text \<open>
  Call two edges \<open>g = {a, b}\<close>, \<open>h = {c, d}\<close> of a perfect matching \<open>M\<close> alternating if
  \<open>ac\<close> and \<open>bd\<close> are edges, so that \<open>g, h\<close> can be switched for \<open>ac, bd\<close>. A subset of
  \<open>M\<close> missing two alternating edges does not force \<open>M\<close>; conversely, if \<open>M - {g, h}\<close>
  does not force \<open>M\<close>, another perfect matching re-matches the four ends of \<open>g, h\<close> among
  themselves, so \<open>g, h\<close> are alternating. Hence \<open>f(G, M) = |M| - 1\<close> exactly when all
  pairs of edges of \<open>M\<close> are alternating, and \<open>F(G) = n - 1\<close> yields such an \<open>M\<close>.
  Switching removes any given edge from a perfect matching, so there is no fixed double
  bond. Every vertex is adjacent to each edge of \<open>M\<close> not containing it, so after deleting
  fewer than \<open>n\<close> vertices some edge of \<open>M\<close> survives and all remaining vertices are
  attached to it.

  In a minimal graph a vertex is adjacent to exactly one end of every other edge of
  \<open>M\<close>: a second edge could be deleted without destroying any alternating pair. This
  gives degree \<open>n\<close> everywhere, hence \<open>\<kappa> \<le> n\<close> and \<open>\<lambda> \<le> n\<close>. For \<open>\<lambda> \<ge> n\<close>, fix
  \<open>y\<close> inside and \<open>z\<close> outside a component \<open>C\<close> of \<open>G - D\<close>; mapping each edge of \<open>M\<close>
  to itself if it crosses \<open>C\<close>, and otherwise to an edge joining it to \<open>z\<close> or \<open>y\<close>, is
  injective into \<open>D\<close> once \<open>y, z\<close> are chosen so that \<open>yz\<close> is not such an edge.
\<close>

definition alternating_pair :: "'a set set \<Rightarrow> 'a set \<Rightarrow> 'a set \<Rightarrow> bool" where
  "alternating_pair E g h \<longleftrightarrow>
     (\<exists>a b c d. g = {a, b} \<and> h = {c, d} \<and> {a, c} \<in> E \<and> {b, d} \<in> E)"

**Work item**
Extract each record, keeping it identical to the original.

**Exercise solution**
text \<open>
  Call two edges \<open>g = {a, b}\<close>, \<open>h = {c, d}\<close> of a perfect matching \<open>M\<close> alternating if
  \<open>ac\<close> and \<open>bd\<close> are edges, so that \<open>g, h\<close> can be switched for \<open>ac, bd\<close>. A subset of
  \<open>M\<close> missing two alternating edges does not force \<open>M\<close>; conversely, if \<open>M - {g, h}\<close>
  does not force \<open>M\<close>, another perfect matching re-matches the four ends of \<open>g, h\<close> among
  themselves, so \<open>g, h\<close> are alternating. Hence \<open>f(G, M) = |M| - 1\<close> exactly when all
  pairs of edges of \<open>M\<close> are alternating, and \<open>F(G) = n - 1\<close> yields such an \<open>M\<close>.
  Switching removes any given edge from a perfect matching, so there is no fixed double
  bond. Every vertex is adjacent to each edge of \<open>M\<close> not containing it, so after deleting
  fewer than \<open>n\<close> vertices some edge of \<open>M\<close> survives and all remaining vertices are
  attached to it.

  In a minimal graph a vertex is adjacent to exactly one end of every other edge of
  \<open>M\<close>: a second edge could be deleted without destroying any alternating pair. This
  gives degree \<open>n\<close> everywhere, hence \<open>\<kappa> \<le> n\<close> and \<open>\<lambda> \<le> n\<close>. For \<open>\<lambda> \<ge> n\<close>, fix
  \<open>y\<close> inside and \<open>z\<close> outside a component \<open>C\<close> of \<open>G - D\<close>; mapping each edge of \<open>M\<close>
  to itself if it crosses \<open>C\<close>, and otherwise to an edge joining it to \<open>z\<close> or \<open>y\<close>, is
  injective into \<open>D\<close> once \<open>y, z\<close> are chosen so that \<open>yz\<close> is not such an edge.
\<close>

definition alternating_pair :: "'a set set \<Rightarrow> 'a set \<Rightarrow> 'a set \<Rightarrow> bool" where
  "alternating_pair E g h \<longleftrightarrow>
     (\<exists>a b c d. g = {a, b} \<and> h = {c, d} \<and> {a, c} \<in> E \<and> {b, d} \<in> E)"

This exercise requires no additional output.